19 September

The Emoticon's birthday

Royal Smile

So we are drinking a...

Royal Smile

If you’re a user of emoticons, or even the humble :-) or :-( then you'll want to give Professor Scott E. Fahlman a big warm ({}), the emoticon for hug, because this day in 1982 he suggested that, to take the heat off threads on bulletin boards, people could use the sign :-) for "joking" and :-( for "serious".

Within months, smilies and similar had gone postal, and the smiley face was an icon of Acid House. Not that Fahlman entirely approves, although he does support the use of his serious face for sadness. He thinks the picture versions "Destroy[s] the whimsical element of the original."

In which, we suppose, he has a point. Today we will be enjoying an appropriately named (drink), the Royal Smile, one we found in David Embury's seminal The Fine Art of Mixing Drinks.

Talk Like a Pirate Day

Ah! The wonders of the internet. It has brought us free video calls around the world, cat pictures on Facebook, cat videos on youtube, plus a few revolutions in the Middle East. It has also brought us, umm, International Talk Like A Pirate Day. How does one do this?

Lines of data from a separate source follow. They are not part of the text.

(* Let $X$ be a compact metric space with metric $d$ and let $f\colon X\to X$ be a continuous map. If $f$ has the $L$-Lipschitz shadowing property for some $0<L<1/2$, then $CR(f)=\overline{Per(f)}$.
   Context: For $\delta>0$, a sequence $(x_i)_{i\ge0}$ in $X$ is a $\delta$-pseudo orbit of $f$ if $d(f(x_i),x_{i+1})\le\delta$ for all $i\ge0$; it is $\epsilon$-shadowed by $x$ if $d(f^i(x),x_i)\le\epsilon$ for all $i\ge0$. For $L>0$, $f$ has the $L$-Lipschitz shadowing property if there is $\delta_0>0$ such that for every $0<\delta\le\delta_0$, every $\delta$-pseudo orbit of $f$ is $L\delta$-shadowed by some point of $X$. A $\delta$-chain is a finite sequence $(x_i)_{i=0}^k$, $k\ge1$, with $d(f(x_i),x_{i+1})\le\delta$ for $0\le i\le k-1$; it is a $\delta$-cycle if $x_0=x_k$. $CR(f)$ is the set of $x\in X$ such that for every $\delta>0$ there is a $\delta$-cycle $(x_i)_{i=0}^k$ with $x_0=x_k=x$. $Per(f)=\bigcup_{i>0}\{x\in X: f^i(x)=x\}$. *)

theory Defs
  imports "HOL-Analysis.Analysis"
begin

definition pseudo_orbit :: "'a::metric_space set \<Rightarrow> ('a \<Rightarrow> 'a) \<Rightarrow> real \<Rightarrow> (nat \<Rightarrow> 'a) \<Rightarrow> bool" where
  "pseudo_orbit X f \<delta> xs \<longleftrightarrow> (\<forall>i. xs i \<in> X) \<and> (\<forall>i. dist (f (xs i)) (xs (Suc i)) \<le> \<delta>)"

definition shadows :: "('a::metric_space \<Rightarrow> 'a) \<Rightarrow> real \<Rightarrow> 'a \<Rightarrow> (nat \<Rightarrow> 'a) \<Rightarrow> bool" where
  "shadows f \<epsilon> x xs \<longleftrightarrow> (\<forall>i. dist ((f ^^ i) x) (xs i) \<le> \<epsilon>)"

definition lipschitz_shadowing :: "'a::metric_space set \<Rightarrow> ('a \<Rightarrow> 'a) \<Rightarrow> real \<Rightarrow> bool" where
  "lipschitz_shadowing X f L \<longleftrightarrow>
     (\<exists>\<delta>0>0. \<forall>\<delta>. 0 < \<delta> \<and> \<delta> \<le> \<delta>0 \<longrightarrow>
        (\<forall>xs. pseudo_orbit X f \<delta> xs \<longrightarrow> (\<exists>x\<in>X. shadows f (L * \<delta>) x xs)))"

definition chain_recurrent_set :: "'a::metric_space set \<Rightarrow> ('a \<Rightarrow> 'a) \<Rightarrow> 'a set" where
  "chain_recurrent_set X f = {x \<in> X. \<forall>\<delta>>0. \<exists>k::nat. \<exists>xs::nat \<Rightarrow> 'a. k \<ge> 1 \<and>
      (\<forall>i\<le>k. xs i \<in> X) \<and> xs 0 = x \<and> xs k = x \<and>
      (\<forall>i<k. dist (f (xs i)) (xs (Suc i)) \<le> \<delta>)}"

definition periodic_points :: "'a set \<Rightarrow> ('a \<Rightarrow> 'a) \<Rightarrow> 'a set" where
  "periodic_points X f = {x \<in> X. \<exists>i>0. (f ^^ i) x = x}"

end

theory Submission
  imports Defs
begin

text \<open>
  A \<delta>-cycle through x of length k, repeated forever, is a periodic \<delta>-pseudo orbit; a point
  shadowing it within L\<delta> lies within L\<delta> of x and returns within 2L\<delta> of itself after k steps.
  So it is an approximate fixed point of f^k with defect 2L\<delta>, whose own orbit segment is a
  2L\<delta>-cycle. Shadowing again improves the defect by the factor 2L < 1 while moving the point
  by at most L times the current defect; by compactness these corrections accumulate at a fixed
  point of f^k within L\<delta>/(1 - 2L) of x. Conversely, periodic orbits are cycles and the chain
  recurrent set is closed.
\<close>

definition delta_cycle :: "'a::metric_space set \<Rightarrow> ('a \<Rightarrow> 'a) \<Rightarrow> real \<Rightarrow> 'a \<Rightarrow> nat \<Rightarrow> (nat \<Rightarrow> 'a) \<Rightarrow> bool" where
  "delta_cycle X f \<delta> x k xs \<longleftrightarrow> k \<ge> 1 \<and> (\<forall>i\<le>k. xs i \<in> X) \<and> xs 0 = x \<and> xs k = x \<and>
     (\<forall>i<k. dist (f (xs i)) (xs (Suc i)) \<le> \<delta>)"

lemma chain_recurrent_set_iff:
  "x \<in> chain_recurrent_set X f \<longleftrightarrow> x \<in> X \<and> (\<forall>\<delta>>0. \<exists>k xs. delta_cycle X f \<delta> x k xs)"
  unfolding chain_recurrent_set_def delta_cycle_def by blast

lemma funpow_in_invariant:
  assumes "f ` X \<subseteq> X" "y \<in> X" shows "(f ^^ n) y \<in> X"
  using assms by (induction n) auto

lemma continuous_on_funpow:
  assumes "f ` X \<subseteq> X" "continuous_on X f" shows "continuous_on X (f ^^ n)"
proof (induction n)
  case 0
  then show ?case by (simp add: continuous_on_id)
next
  case (Suc n)
  have "(f ^^ n) ` X \<subseteq> X" using funpow_in_invariant[OF assms(1)] by blast
  then show ?case
    using continuous_on_compose[OF Suc continuous_on_subset[OF assms(2)]] by simp
qed

lemma fixed_point_of_approximate_fixed_points:
  fixes g :: "'a::metric_space \<Rightarrow> 'a"
  assumes "compact X" and g: "continuous_on X g" and yX: "\<And>n. y n \<in> X"
    and defect: "(\<lambda>n. dist (g (y n)) (y n)) \<longlonglongrightarrow> 0" and bound: "\<And>n. dist (y n) a \<le> B"
  shows "\<exists>l\<in>X. g l = l \<and> dist l a \<le> B"
proof -
  obtain l r where lX: "l \<in> X" and r: "strict_mono r" and lim: "(y \<circ> r) \<longlonglongrightarrow> l"
    using seq_compactE[OF compact_imp_seq_compact[OF \<open>compact X\<close>]] yX by metis
  have "(\<lambda>n. dist (g ((y \<circ> r) n)) ((y \<circ> r) n)) \<longlonglongrightarrow> dist (g l) l"
    using continuous_on_tendsto_compose[OF g lim lX] yX by (intro tendsto_dist lim) auto
  moreover have "(\<lambda>n. dist (g ((y \<circ> r) n)) ((y \<circ> r) n)) \<longlonglongrightarrow> 0"
    using LIMSEQ_subseq_LIMSEQ[OF defect r] by (simp add: comp_def)
  ultimately have "g l = l" using LIMSEQ_unique by fastforce
  moreover have "dist l a \<le> B"
    using tendsto_dist[OF lim tendsto_const] by (rule tendsto_upperbound) (auto simp: bound)
  ultimately show ?thesis using lX by blast
qed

Well, according to the British Pirate HQ, "Double up on all your adjectives and you'll be bountifully bombastic with your phrasing... Drop all your 'g's and all of your 'v's..." Also, they advise, don't say "I am" but "I be".

Any excuse will do for a drink in these parts. And after a Pirate Daiquiri or two, you'll be dropping more than your 'g's and your 'v's. For they be fine fancy drinkin', those Pirate Daiquiris, m'hearties.

Chubby Checker Does the Twist

Chubby Checker's 1960s cover of Hank Ballard's song "The Twist" made No. 1 in the US charts on this day in 1960.

Not only that, but in September 2008 the song topped the American magazine Billboard's list of the most popular singles to have appeared in its Hot 100 since the list's debut in 1958, an achievement the song maintained in the August 2013 update of the list. Chubby Checker introduced the world to a dance craze that still gets everyone on the dance floor today - before the Twist, grown-ups did not dance to teenage music. He wasn't shy to capitalise on his success, releasing "Let's Twist Again" in 1961 and "Slow Twistin'" in 1962.

What a great excuse to mix a Twisted Sobriety cocktail and get on down to the dance floor. Or, perhaps mix the drink and forgo the dance floor.